Pitfall: “Alerts are noisy, everyone ignores them”
Fix:
- alert on symptoms (user impact),
- add runbooks,
- tune thresholds and windows,
- route alerts to the right owners.
6) A Minimal Checklist You Can Apply Immediately
CI/CD
- Deterministic builds (
npm ci, lockfiles, pinned versions) - Lint + unit tests on every PR
- Build once, push immutable artifact (SHA tag)
- Security scanning (deps, secrets, image)
- Progressive delivery (canary/rolling) + rollback plan
IaC
- All infra changes via PR
- Remote state + locking
- Policy checks (tfsec/checkov)
- Secrets not stored in state
- Drift detection scheduled
Observability
- Structured logs with
trace_idandrequest_id - Metrics for golden signals + histograms for latency
- Distributed tracing for key services
- SLOs defined and alerts tied to user impact
- Runbooks stored with code
7) Next Steps (Practical Improvements)
If you want to deepen maturity beyond the basics:
- Introduce feature flags for safer releases and experiments.

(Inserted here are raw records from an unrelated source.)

(* Assume (A1)–(A3). Let $u\in USC(\overline{Q_T})$ be a viscosity subsolution and $v\in LSC(\overline{Q_T})$ a viscosity supersolution of $\partial_t^\alpha u+H(t,x,u,Du)=0$ in $Q_T$. If $u(0,\cdot)\le v(0,\cdot)$ on $\mathbb{T}^d$, then $u\le v$ on $\overline{Q_T}$.
   Context: Fix $d\ge1$, $T>0$, $\alpha\in(0,1)$. $\mathbb{T}^d=\mathbb{R}^d/\mathbb{Z}^d$; functions on $[0,T]\times\mathbb{T}^d$ are identified with functions on $[0,T]\times\mathbb{R}^d$ $\mathbb{Z}^d$-periodic in $x$. $Q_T=(0,T]\times\mathbb{T}^d$, $\overline{Q_T}=[0,T]\times\mathbb{T}^d$; $D$ spatial gradient; $\partial_t^\alpha$ Caputo's derivative $(\partial_t^\alpha f)(t)=\frac{1}{\Gamma(1-\alpha)}\int_0^t f'(s)(t-s)^{-\alpha}ds$. $H:\overline{Q_T}\times\mathbb{R}\times\mathbb{R}^d\to\mathbb{R}$. Assumptions: (A1) $H$ is continuous. (A2) There is a modulus $\omega:[0,\infty)\to[0,\infty)$ with $|H(t,x,r,p)-H(t,y,r,p)|\le\omega(|x-y|(1+|p|))$ for all $t\in[0,T]$, $x,y\in\mathbb{R}^d$, $r\in\mathbb{R}$, $p\in\mathbb{R}^d$. (A3) $r\mapsto H(t,x,r,p)$ is nondecreasing. $\mathcal{C}^1([a,b]\times O)=\{\phi\in C^1((a,b]\times O)\cap C([a,b]\times O):\partial_t\phi(\cdot,x)\in L^1(a,b)\ \forall x\in O\}$. For measurable $f(t,x)$, $t\in(0,T]$, $r\in[0,t]$: $J_r[f](t,x)=\frac{\alpha}{\Gamma(1-\alpha)}\int_0^r (f(t,x)-f(t-\tau,x))\tau^{-\alpha-1}d\tau$, $K_r[f](t,x)=\frac{f(t,x)-f(0,x)}{t^\alpha\Gamma(1-\alpha)}+\frac{\alpha}{\Gamma(1-\alpha)}\int_r^t (f(t,x)-f(t-\tau,x))\tau^{-\alpha-1}d\tau$ (lower limit $0$: improper integral). Viscosity sub/supersolution: $u\in USC(\overline{Q_T})$ (resp. $LSC$) such that for all $a<b$ in $[0,T]$, every open ball $B\subset\mathbb{R}^d$, every $\phi\in\mathcal{C}^1([0,T]\times\mathbb{R}^d)$ and every $(\hat t,\hat x)\in(a,b]\times B$ where $u-\phi$ attains its maximum (resp. minimum) over $[a,b]\times\overline B$: $J_{\hat t-a}[\phi](\hat t,\hat x)+K_{\hat t-a}[u](\hat t,\hat x)+H(\hat t,\hat x,u(\hat t,\hat x),D\phi(\hat t,\hat x))\le0$ (resp. $\ge0$). *)

theory Defs
  imports "HOL-Analysis.Analysis"
begin

text \<open>Functions on [0,T] x T^d are represented as functions
  real => real^'d => real that are Z^d-periodic in the space variable.\<close>

definition periodic_x :: "(real \<Rightarrow> real^'d \<Rightarrow> 'b) \<Rightarrow> bool" where
  "periodic_x f \<longleftrightarrow> (\<forall>t x z. (\<forall>i. z $ i \<in> \<int>) \<longrightarrow> f t (x + z) = f t x)"

definition usc_on :: "'a::topological_space set \<Rightarrow> ('a \<Rightarrow> real) \<Rightarrow> bool" where
  "usc_on S f \<longleftrightarrow> (\<forall>p\<in>S. \<forall>e>0. \<forall>\<^sub>F q in at p within S. f q < f p + e)"

definition lsc_on :: "'a::topological_space set \<Rightarrow> ('a \<Rightarrow> real) \<Rightarrow> bool" where
  "lsc_on S f \<longleftrightarrow> (\<forall>p\<in>S. \<forall>e>0. \<forall>\<^sub>F q in at p within S. f p - e < f q)"

definition is_modulus :: "(real \<Rightarrow> real) \<Rightarrow> bool" where
  "is_modulus \<omega> \<longleftrightarrow> (\<forall>r\<ge>0. 0 \<le> \<omega> r) \<and> mono_on {0..} \<omega> \<and> \<omega> 0 = 0
     \<and> (\<omega> \<longlongrightarrow> 0) (at_right 0)"

definition C1_test :: "real \<Rightarrow> (real \<Rightarrow> real^'d \<Rightarrow> real) \<Rightarrow> (real \<Rightarrow> real^'d \<Rightarrow> real)
     \<Rightarrow> (real \<Rightarrow> real^'d \<Rightarrow> real^'d) \<Rightarrow> bool" where
  "C1_test T \<phi> \<phi>t D\<phi> \<longleftrightarrow>
     continuous_on ({0..T} \<times> UNIV) (\<lambda>p. \<phi> (fst p) (snd p)) \<and>
     (\<forall>t\<in>{0<..T}. \<forall>x. ((\<lambda>p. \<phi> (fst p) (snd p)) has_derivative
         (\<lambda>h. fst h * \<phi>t t x + D\<phi> t x \<bullet> snd h)) (at (t, x) within {0<..T} \<times> UNIV)) \<and>
     continuous_on ({0<..T} \<times> UNIV) (\<lambda>p. \<phi>t (fst p) (snd p)) \<and>
     continuous_on ({0<..T} \<times> UNIV) (\<lambda>p. D\<phi> (fst p) (snd p)) \<and>
     (\<forall>x. set_integrable lborel {0<..<T} (\<lambda>t. \<phi>t t x))"

definition eint :: "real set \<Rightarrow> (real \<Rightarrow> real) \<Rightarrow> ereal" where
  "eint S g = enn2ereal (\<integral>\<^sup>+ \<tau>\<in>S. ennreal (g \<tau>) \<partial>lborel)
            - enn2ereal (\<integral>\<^sup>+ \<tau>\<in>S. ennreal (- g \<tau>) \<partial>lborel)"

- Add contract testing (e.g., Pact) for critical service boundaries.
- Adopt GitOps (Argo CD / Flux) so deployments are reconciled from Git.
- Implement automatic rollback based on SLO burn rate.
- Standardize templates for new services (CI pipeline, Terraform module skeleton, OTel instrumentation, dashboards, and alerts).
Appendix: Useful Commands Reference
Git and tagging
git status
git diff
git rev-parse --short HEAD
git tag -a v1.2.3 -m "Release v1.2.3"
git push --tags
Docker
docker build -t myservice:local .
docker images
docker run --rm -p 3000:3000 myservice:local
docker logs -f <container_id>
docker exec -it <container_id> sh
Terraform
terraform init
terraform fmt -recursive
terraform validate
terraform plan
terraform apply
terraform destroy
Security scanning
gitleaks detect --source . --no-git --redact
trivy image --severity HIGH,CRITICAL myorg/myservice:git-<sha>
tfsec infra/
checkov -d infra/
HTTP smoke testing
curl -fsS https://example.com/health
curl -fsS https://example.com/api/version
By implementing CI/CD, IaC, and Observability as a unified system—rather than isolated initiatives—you get faster delivery, safer changes, and clearer operational insight. The biggest wins come from consistency: consistent pipelines, consistent infrastructure definitions, and consistent telemetry across every service and environment.